Но постепенно скованность его прошла, и он заговорил о Христе как о близком и дорогом человеке, словно Он все еще ходил по земле и был беден и тоже в чахотке, и ходил Он по большим городам, и ученики Его были разбросаны по фабрикам, а другие были под землей – рубили уголь, а третьи – бедные студенты и учителя.
– Разве ты Его видел? Ты Его видел, учитель? – взволнованно спросил священник. – Ты говоришь так, как будто знаешь Его.
– Я вижу Его иногда, – ответил тот, улыбаясь.
Отец Янарос перекрестился.
– Господи, помилуй, – сказал он, – не понимаю я.
И только когда учитель ушел, дошло, наконец, до отца Янароса: понял он, что учитель говорил о Ленине.
Перед этой убогой дверью он теперь и остановился. Постучать? Или не надо?
А учитель тем временем лежал в постели и смотрел, как жена его, склонившись у очага, разводит огонь, смотрел на маленького Димитракиса, единственного своего сына. Тот сидел у очага с букварем на коленях и читал по складам.
Черный, с рыжими пятнами кот, отощавший, весь в болячках, свернулся в клубок у очага и довольно мурлыкал. Снаружи, за порогом, лаяли собаки, открывались и закрывались двери, далеко разносился стук башмаков по камням. А в доме стояла полная тишина. Только бледный, чахлый мальчик, склонившись над букварем, тихонько читал по складам. Ноги его уже стали опухать, глаза увеличились.
Учитель закрыл глаза; вдруг этот покой, царивший в доме, испугал его. Мало дней уже оставалось ему. Он это знал: изо всех сил сдерживал кашель, чтобы не пугать жену, и тайком сплевывал кровь в красный платок.
Он был болен, при смерти. Он знал это, но этот покой и мир дома казались, ему счастьем, и он испугался. «А вдруг, – подумал он, – какая-то огромная беда нависла над моим домом...» Он посмотрел на жену – раньше времени состарилась, печальная, молчаливая, в черном платке на голове. Столько лет билась она с нищетой, со страхом, с болезнью... Потом повернулся, остановил взгляд на единственном сыне: бледный, и у него уже стали опухать ножки от голода. Сердце его оборвалось. «Мы приговорены, – подумал он. – Но неужели дети наши не увидят хоть капельку радости?
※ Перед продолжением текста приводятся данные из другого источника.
(* Let $G$ be a group with identity $e$, $A$ a set with at least two elements, and $\tau: A^G\to A^G$ a lazy cellular automaton with unique active transition $p \in A^S$ and writing symbol $a \in A$. Let $i,j \in\mathbb{N}$ with $i\leq j$. Then: \begin{enumerate} \item $\mathrm{supp}_a(\tau^i(x))\subseteq \mathrm{supp}_a(\tau^{j}(x))$ for all $x \in A^G$; \item $\mathrm{supp}_b(\tau^{i}(x))\supseteq \mathrm{supp}_b(\tau^{j}(x))$ for all $x \in A^G$ and all $b\in A\setminus\{a\}$; \item if $\mathrm{supp}_a(x) = \mathrm{supp}_a(\tau(x))$ for some $x \in A^G$, then $x= \tau(x)$. \end{enumerate}
   Context: $A^G$ is the set of maps $G \to A$ with shift action $(g\cdot x)(h) := x(hg)$. A cellular automaton is a map $\tau : A^G \to A^G$ with a finite $S \subseteq G$ and $\mu : A^S \to A$ such that $\tau(x)(g) = \mu((g\cdot x)|_S)$. $\tau$ is lazy with unique active transition $p \in A^S$ if there is such a local defining map $\mu : A^S \to A$ with $e \in S$ such that for all $z \in A^S$: $\mu(z) = z(e)$ iff $z \neq p$; its writing symbol is $a := \mu(p) \neq p(e)$. For $x \in A^G$ and $b \in A$, $\mathrm{supp}_b(x) := \{g \in G : x(g) = b\}$. $\tau^n$ is the $n$-fold composition, $\tau^0$ the identity, $\mathbb{N} = \{0,1,2,\dots\}$. *)

theory Defs
  imports "HOL-Library.FuncSet"
begin

text \<open>The group G is a type of class group_add (written additively; identity 0,
  the group law need not be commutative). Configurations A^G are functions 'g => 'a.\<close>

definition shift :: "'g::group_add \<Rightarrow> ('g \<Rightarrow> 'a) \<Rightarrow> ('g \<Rightarrow> 'a)" where
  "shift g x = (\<lambda>h. x (h + g))"

text \<open>Patterns in A^S are extensional functions in S ->E UNIV; the restriction of a
  configuration to S is FuncSet's restrict.\<close>

definition local_defining_map ::
  "(('g::group_add \<Rightarrow> 'a) \<Rightarrow> ('g \<Rightarrow> 'a)) \<Rightarrow> 'g set \<Rightarrow> (('g \<Rightarrow> 'a) \<Rightarrow> 'a) \<Rightarrow> bool" where
  "local_defining_map \<tau> S \<mu> \<longleftrightarrow> finite S \<and> (\<forall>x g. \<tau> x g = \<mu> (restrict (shift g x) S))"

definition cellular_automaton :: "(('g::group_add \<Rightarrow> 'a) \<Rightarrow> ('g \<Rightarrow> 'a)) \<Rightarrow> bool" where
  "cellular_automaton \<tau> \<longleftrightarrow> (\<exists>S \<mu>. local_defining_map \<tau> S \<mu>)"

definition lazy_uat ::
  "(('g::group_add \<Rightarrow> 'a) \<Rightarrow> ('g \<Rightarrow> 'a)) \<Rightarrow> 'g set \<Rightarrow> (('g \<Rightarrow> 'a) \<Rightarrow> 'a) \<Rightarrow> ('g \<Rightarrow> 'a) \<Rightarrow> bool" where
  "lazy_uat \<tau> S \<mu> p \<longleftrightarrow> local_defining_map \<tau> S \<mu> \<and> 0 \<in> S \<and> p \<in> S \<rightarrow>\<^sub>E UNIV \<and>
     (\<forall>z \<in> S \<rightarrow>\<^sub>E UNIV. (\<mu> z = z 0 \<longleftrightarrow> z \<noteq> p))"

definition supp :: "'a \<Rightarrow> ('g \<Rightarrow> 'a) \<Rightarrow> 'g set" where
  "supp b x = {g. x g = b}"

end

theory Submission
  imports Defs
begin

text \<open>A lazy automaton with unique active transition p changes a cell only by writing
  a = \<mu> p into it. Hence the a-cells persist, cells carrying another symbol can only
  disappear, and a step that creates no new a-cell changes nothing. Everything below
  except the first lemma holds for any map \<tau> with this property.\<close>

lemma lazy_uat_cell_unchanged_or_written:
  assumes "lazy_uat \<tau> S \<mu> p"
  shows "\<tau> x g = x g \<or> \<tau> x g = \<mu> p"
proof -
  let ?z = "restrict (shift g x) S"
  have "\<tau> x g = \<mu> ?z" and "?z 0 = x g"
    using assms by (auto simp: lazy_uat_def local_defining_map_def shift_def)
  moreover have "\<mu> ?z = ?z 0" if "?z \<noteq> p"
  proof -
    have "?z \<in> S \<rightarrow>\<^sub>E UNIV" by simp
    then show ?thesis using assms that unfolding lazy_uat_def by blast
  qed
  ultimately show ?thesis by metis
qed

context
  fixes \<tau> :: "('g \<Rightarrow> 'a) \<Rightarrow> ('g \<Rightarrow> 'a)" and a :: 'a
  assumes unchanged_or_written: "\<And>x g. \<tau> x g = x g \<or> \<tau> x g = a"
begin

lemma supp_written_subset: "supp a x \<subseteq> supp a (\<tau> x)"
  using unchanged_or_written[of x] by (auto simp: supp_def)

lemma supp_not_written_subset: "b \<noteq> a \<Longrightarrow> supp b (\<tau> x) \<subseteq> supp b x"
  using unchanged_or_written[of x] by (force simp: supp_def)

lemma supp_written_funpow_mono:
  assumes "i \<le> j"
  shows "supp a ((\<tau> ^^ i) x) \<subseteq> supp a ((\<tau> ^^ j) x)"
  using assms
proof (induction j rule: dec_induct)
  case (step n)
  then show ?case using supp_written_subset[of "(\<tau> ^^ n) x"] by auto
qed simp

lemma supp_not_written_funpow_antimono:
  assumes "i \<le> j" and "b \<noteq> a"
  shows "supp b ((\<tau> ^^ j) x) \<subseteq> supp b ((\<tau> ^^ i) x)"
  using assms(1)
proof (induction j rule: dec_induct)
  case (step n)
  then show ?case using supp_not_written_subset[OF assms(2), of "(\<tau> ^^ n) x"] by auto
qed simp

lemma fixed_if_supp_written_eq:
  assumes "supp a x = supp a (\<tau> x)"
  shows "x = \<tau> x"
proof
  fix g
  have "x g = a \<longleftrightarrow> \<tau> x g = a"
    using assms by (auto simp: supp_def)
  then show "x g = \<tau> x g"
    using unchanged_or_written[of x g] by auto
qed

end

theorem lemma3:
  fixes \<tau> :: "('g::group_add \<Rightarrow> 'a) \<Rightarrow> ('g \<Rightarrow> 'a)"
    and S :: "'g set" and \<mu> :: "('g \<Rightarrow> 'a) \<Rightarrow> 'a" and p :: "'g \<Rightarrow> 'a"
    and a :: 'a and i j :: nat
  assumes two: "\<exists>c d :: 'a. c \<noteq> d"
    and lazy: "lazy_uat \<tau> S \<mu> p"
    and wr: "a = \<mu> p"
    and ij: "i \<le> j"
  shows "(\<forall>x. supp a ((\<tau> ^^ i) x) \<subseteq> supp a ((\<tau> ^^ j) x))
       \<and> (\<forall>x b. b \<noteq> a \<longrightarrow> supp b ((\<tau> ^^ j) x) \<subseteq> supp b ((\<tau> ^^ i) x))
       \<and> (\<forall>x. supp a x = supp a (\<tau> x) \<longrightarrow> x = \<tau> x)"
proof -
  have step: "\<And>x g. \<tau> x g = x g \<or> \<tau> x g = a"
    using lazy_uat_cell_unchanged_or_written[OF lazy] wr by blast
  show ?thesis
    using supp_written_funpow_mono[of \<tau> a, OF step ij]
      supp_not_written_funpow_antimono[of \<tau> a, OF step ij]
      fixed_if_supp_written_eq[of \<tau> a, OF step] by blast
qed

end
Мы наполнили своими телами рвы, чтобы они могли пройти. Пройдут ли? Удастся ли Димитракису закончить букварь? Дадут ли ему? Каждый день убивают детей и женщин в Кастелосе, в Кастелосе и в Греции, в Греции и во всем мире. Это – конец старого мира, это начало нового. Наше поколение оказалось меж двух этих жерновов, и они перемалывают нас: нашу плоть, кость, души... “Прими мое проклятие и родись в великое время”. Это китайское проклятие пало на нас. В чем заключается мой долг? Превратить проклятие в благословение. Очень трудно это, очень тяжело!.. Взываю к вам, гордые добродетели человеческие: чистота, упрямство, мужество – помогите нам!»